Start of Material supplied
(* Under the standing assumptions below (for both $k=l$ and $k=r$), let $f(p):=f_l(p)+f_r(p)+u_r-u_l$ for $p>0$, and let $I_k:=\displaystyle\int_0^{p_k}\frac{dq}{\hat\rho_k(q)\,c_k(q,\hat\rho_k(q))}\in(0,+\infty]$. Then there exists a unique $p^*\in(0,\infty)$ with $f(p^* )=0$ if and only if $$u_r-u_l<I_l+I_r.$$
   Context: For each $k\in\{l,r\}$: $\varGamma_k,h_k:(0,\infty)\to\mathbb R$ are twice continuously differentiable and satisfy (C1) $\varGamma_k'\le 0$, $(\rho\varGamma_k(\rho))'\ge 0$, $(\rho\varGamma_k(\rho))''\ge0$; (C2) $\lim_{\rho\to+\infty}\varGamma_k(\rho)=\varGamma_{k,\infty}>0$ and $\varGamma_k(\rho)\le\varGamma_{k,\infty}+2$ for all $\rho>0$; (C3) $h_k'\ge0$, $h_k''\ge0$. Equation of state $p=\varGamma_k(\rho)\rho e+h_k(\rho)$, i.e. $e_k(p,\rho)=\frac{p-h_k(\rho)}{\varGamma_k(\rho)\rho}$; sound speed $c_k(p,\rho)=\sqrt{\left(\frac1\rho+\frac{\varGamma_k'(\rho)}{\varGamma_k(\rho)}\right)(p-h_k(\rho))+\frac p\rho\varGamma_k(\rho)+h_k'(\rho)}$. Initial states $(\rho_l,u_l,p_l)$ and $(\rho_r,u_r,p_r)$ with $\rho_k>0$, $p_k>0$, $u_k\in\mathbb R$, $e_k(p_k,\rho_k)\ge0$. Hugoniot function $\varPhi_k(p,\rho):=\varGamma_k(\rho_k)\rho_k(p-h_k(\rho))-\varGamma_k(\rho)\rho(p_k-h_k(\rho_k))-\tfrac12\varGamma_k(\rho_k)(p+p_k)\varGamma_k(\rho)(\rho-\rho_k)$; $\rho_{k,\max}$ is the unique $\rho>\rho_k$ with $(\rho-\rho_k)\varGamma_k(\rho)=2\rho_k$; for $p>p_k$, $\rho_k^H(p)$ is the unique $\rho\in(\rho_k,\rho_{k,\max})$ with $\varPhi_k(p,\rho)=0$. $\hat\rho_k$ is the solution of $\frac{d\hat\rho}{dq}=\frac{1}{c_k(q,\hat\rho)^2}$, $\hat\rho(p_k)=\rho_k$, assumed to exist on $(0,p_k]$ with $\hat\rho_k(q)>0$ and $e_k(q,\hat\rho_k(q))\ge 0$ there. Define $f_k(p)=\int_{p_k}^{p}\frac{dq}{\hat\rho_k(q)c_k(q,\hat\rho_k(q))}$ for $0<p\le p_k$ and $f_k(p)=\left((p-p_k)\left(\frac1{\rho_k}-\frac1{\rho_k^H(p)}\right)\right)^{1/2}$ for $p>p_k$. *)

theory Defs
  imports "HOL-Analysis.Analysis"
begin

text \<open>Equation of state p = Gamma(rho) rho e + h(rho).  The functions Gamma and h are
  given together with their first and second derivatives (G1, G2 and H1, H2).\<close>

definition eint :: "(real \<Rightarrow> real) \<Rightarrow> (real \<Rightarrow> real) \<Rightarrow> real \<Rightarrow> real \<Rightarrow> real" where
  "eint G H p \<rho> = (p - H \<rho>) / (G \<rho> * \<rho>)"

definition sound :: "(real \<Rightarrow> real) \<Rightarrow> (real \<Rightarrow> real) \<Rightarrow> (real \<Rightarrow> real) \<Rightarrow> (real \<Rightarrow> real)
    \<Rightarrow> real \<Rightarrow> real \<Rightarrow> real" where
  "sound G G1 H H1 p \<rho> =
     sqrt ((1 / \<rho> + G1 \<rho> / G \<rho>) * (p - H \<rho>) + p / \<rho> * G \<rho> + H1 \<rho>)"

definition eos_assms :: "(real \<Rightarrow> real) \<Rightarrow> (real \<Rightarrow> real) \<Rightarrow> (real \<Rightarrow> real) \<Rightarrow> real
    \<Rightarrow> (real \<Rightarrow> real) \<Rightarrow> (real \<Rightarrow> real) \<Rightarrow> (real \<Rightarrow> real) \<Rightarrow> bool" where
  "eos_assms G G1 G2 Ginf H H1 H2 \<longleftrightarrow>
     (\<forall>\<rho>>0. (G has_real_derivative G1 \<rho>) (at \<rho>)) \<and>
     (\<forall>\<rho>>0. (G1 has_real_derivative G2 \<rho>) (at \<rho>)) \<and>
     continuous_on {0<..} G2 \<and>
     (\<forall>\<rho>>0. (H has_real_derivative H1 \<rho>) (at \<rho>)) \<and>
     (\<forall>\<rho>>0. (H1 has_real_derivative H2 \<rho>) (at \<rho>)) \<and>
     continuous_on {0<..} H2 \<and>
     (\<forall>\<rho>>0. G1 \<rho> \<le> 0 \<and> G \<rho> + \<rho> * G1 \<rho> \<ge> 0 \<and> 2 * G1 \<rho> + \<rho> * G2 \<rho> \<ge> 0) \<and>
     (G \<longlongrightarrow> Ginf) at_top \<and> Ginf > 0 \<and> (\<forall>\<rho>>0. G \<rho> \<le> Ginf + 2) \<and>
     (\<forall>\<rho>>0. H1 \<rho> \<ge> 0 \<and> H2 \<rho> \<ge> 0)"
End of Material supplied
Task item.
Set down all of the entries again, keeping every line exactly as it is.

Exercise output.
(* Under the standing assumptions below (for both $k=l$ and $k=r$), let $f(p):=f_l(p)+f_r(p)+u_r-u_l$ for $p>0$, and let $I_k:=\displaystyle\int_0^{p_k}\frac{dq}{\hat\rho_k(q)\,c_k(q,\hat\rho_k(q))}\in(0,+\infty]$. Then there exists a unique $p^*\in(0,\infty)$ with $f(p^* )=0$ if and only if $$u_r-u_l<I_l+I_r.$$
   Context: For each $k\in\{l,r\}$: $\varGamma_k,h_k:(0,\infty)\to\mathbb R$ are twice continuously differentiable and satisfy (C1) $\varGamma_k'\le 0$, $(\rho\varGamma_k(\rho))'\ge 0$, $(\rho\varGamma_k(\rho))''\ge0$; (C2) $\lim_{\rho\to+\infty}\varGamma_k(\rho)=\varGamma_{k,\infty}>0$ and $\varGamma_k(\rho)\le\varGamma_{k,\infty}+2$ for all $\rho>0$; (C3) $h_k'\ge0$, $h_k''\ge0$. Equation of state $p=\varGamma_k(\rho)\rho e+h_k(\rho)$, i.e. $e_k(p,\rho)=\frac{p-h_k(\rho)}{\varGamma_k(\rho)\rho}$; sound speed $c_k(p,\rho)=\sqrt{\left(\frac1\rho+\frac{\varGamma_k'(\rho)}{\varGamma_k(\rho)}\right)(p-h_k(\rho))+\frac p\rho\varGamma_k(\rho)+h_k'(\rho)}$. Initial states $(\rho_l,u_l,p_l)$ and $(\rho_r,u_r,p_r)$ with $\rho_k>0$, $p_k>0$, $u_k\in\mathbb R$, $e_k(p_k,\rho_k)\ge0$. Hugoniot function $\varPhi_k(p,\rho):=\varGamma_k(\rho_k)\rho_k(p-h_k(\rho))-\varGamma_k(\rho)\rho(p_k-h_k(\rho_k))-\tfrac12\varGamma_k(\rho_k)(p+p_k)\varGamma_k(\rho)(\rho-\rho_k)$; $\rho_{k,\max}$ is the unique $\rho>\rho_k$ with $(\rho-\rho_k)\varGamma_k(\rho)=2\rho_k$; for $p>p_k$, $\rho_k^H(p)$ is the unique $\rho\in(\rho_k,\rho_{k,\max})$ with $\varPhi_k(p,\rho)=0$. $\hat\rho_k$ is the solution of $\frac{d\hat\rho}{dq}=\frac{1}{c_k(q,\hat\rho)^2}$, $\hat\rho(p_k)=\rho_k$, assumed to exist on $(0,p_k]$ with $\hat\rho_k(q)>0$ and $e_k(q,\hat\rho_k(q))\ge 0$ there. Define $f_k(p)=\int_{p_k}^{p}\frac{dq}{\hat\rho_k(q)c_k(q,\hat\rho_k(q))}$ for $0<p\le p_k$ and $f_k(p)=\left((p-p_k)\left(\frac1{\rho_k}-\frac1{\rho_k^H(p)}\right)\right)^{1/2}$ for $p>p_k$. *)

theory Defs
  imports "HOL-Analysis.Analysis"
begin

text \<open>Equation of state p = Gamma(rho) rho e + h(rho).  The functions Gamma and h are
  given together with their first and second derivatives (G1, G2 and H1, H2).\<close>

definition eint :: "(real \<Rightarrow> real) \<Rightarrow> (real \<Rightarrow> real) \<Rightarrow> real \<Rightarrow> real \<Rightarrow> real" where
  "eint G H p \<rho> = (p - H \<rho>) / (G \<rho> * \<rho>)"

definition sound :: "(real \<Rightarrow> real) \<Rightarrow> (real \<Rightarrow> real) \<Rightarrow> (real \<Rightarrow> real) \<Rightarrow> (real \<Rightarrow> real)
    \<Rightarrow> real \<Rightarrow> real \<Rightarrow> real" where
  "sound G G1 H H1 p \<rho> =
     sqrt ((1 / \<rho> + G1 \<rho> / G \<rho>) * (p - H \<rho>) + p / \<rho> * G \<rho> + H1 \<rho>)"

definition eos_assms :: "(real \<Rightarrow> real) \<Rightarrow> (real \<Rightarrow> real) \<Rightarrow> (real \<Rightarrow> real) \<Rightarrow> real
    \<Rightarrow> (real \<Rightarrow> real) \<Rightarrow> (real \<Rightarrow> real) \<Rightarrow> (real \<Rightarrow> real) \<Rightarrow> bool" where
  "eos_assms G G1 G2 Ginf H H1 H2 \<longleftrightarrow>
     (\<forall>\<rho>>0. (G has_real_derivative G1 \<rho>) (at \<rho>)) \<and>
     (\<forall>\<rho>>0. (G1 has_real_derivative G2 \<rho>) (at \<rho>)) \<and>
     continuous_on {0<..} G2 \<and>
     (\<forall>\<rho>>0. (H has_real_derivative H1 \<rho>) (at \<rho>)) \<and>
     (\<forall>\<rho>>0. (H1 has_real_derivative H2 \<rho>) (at \<rho>)) \<and>
     continuous_on {0<..} H2 \<and>
     (\<forall>\<rho>>0. G1 \<rho> \<le> 0 \<and> G \<rho> + \<rho> * G1 \<rho> \<ge> 0 \<and> 2 * G1 \<rho> + \<rho> * G2 \<rho> \<ge> 0) \<and>
     (G \<longlongrightarrow> Ginf) at_top \<and> Ginf > 0 \<and> (\<forall>\<rho>>0. G \<rho> \<le> Ginf + 2) \<and>
     (\<forall>\<rho>>0. H1 \<rho> \<ge> 0 \<and> H2 \<rho> \<ge> 0)"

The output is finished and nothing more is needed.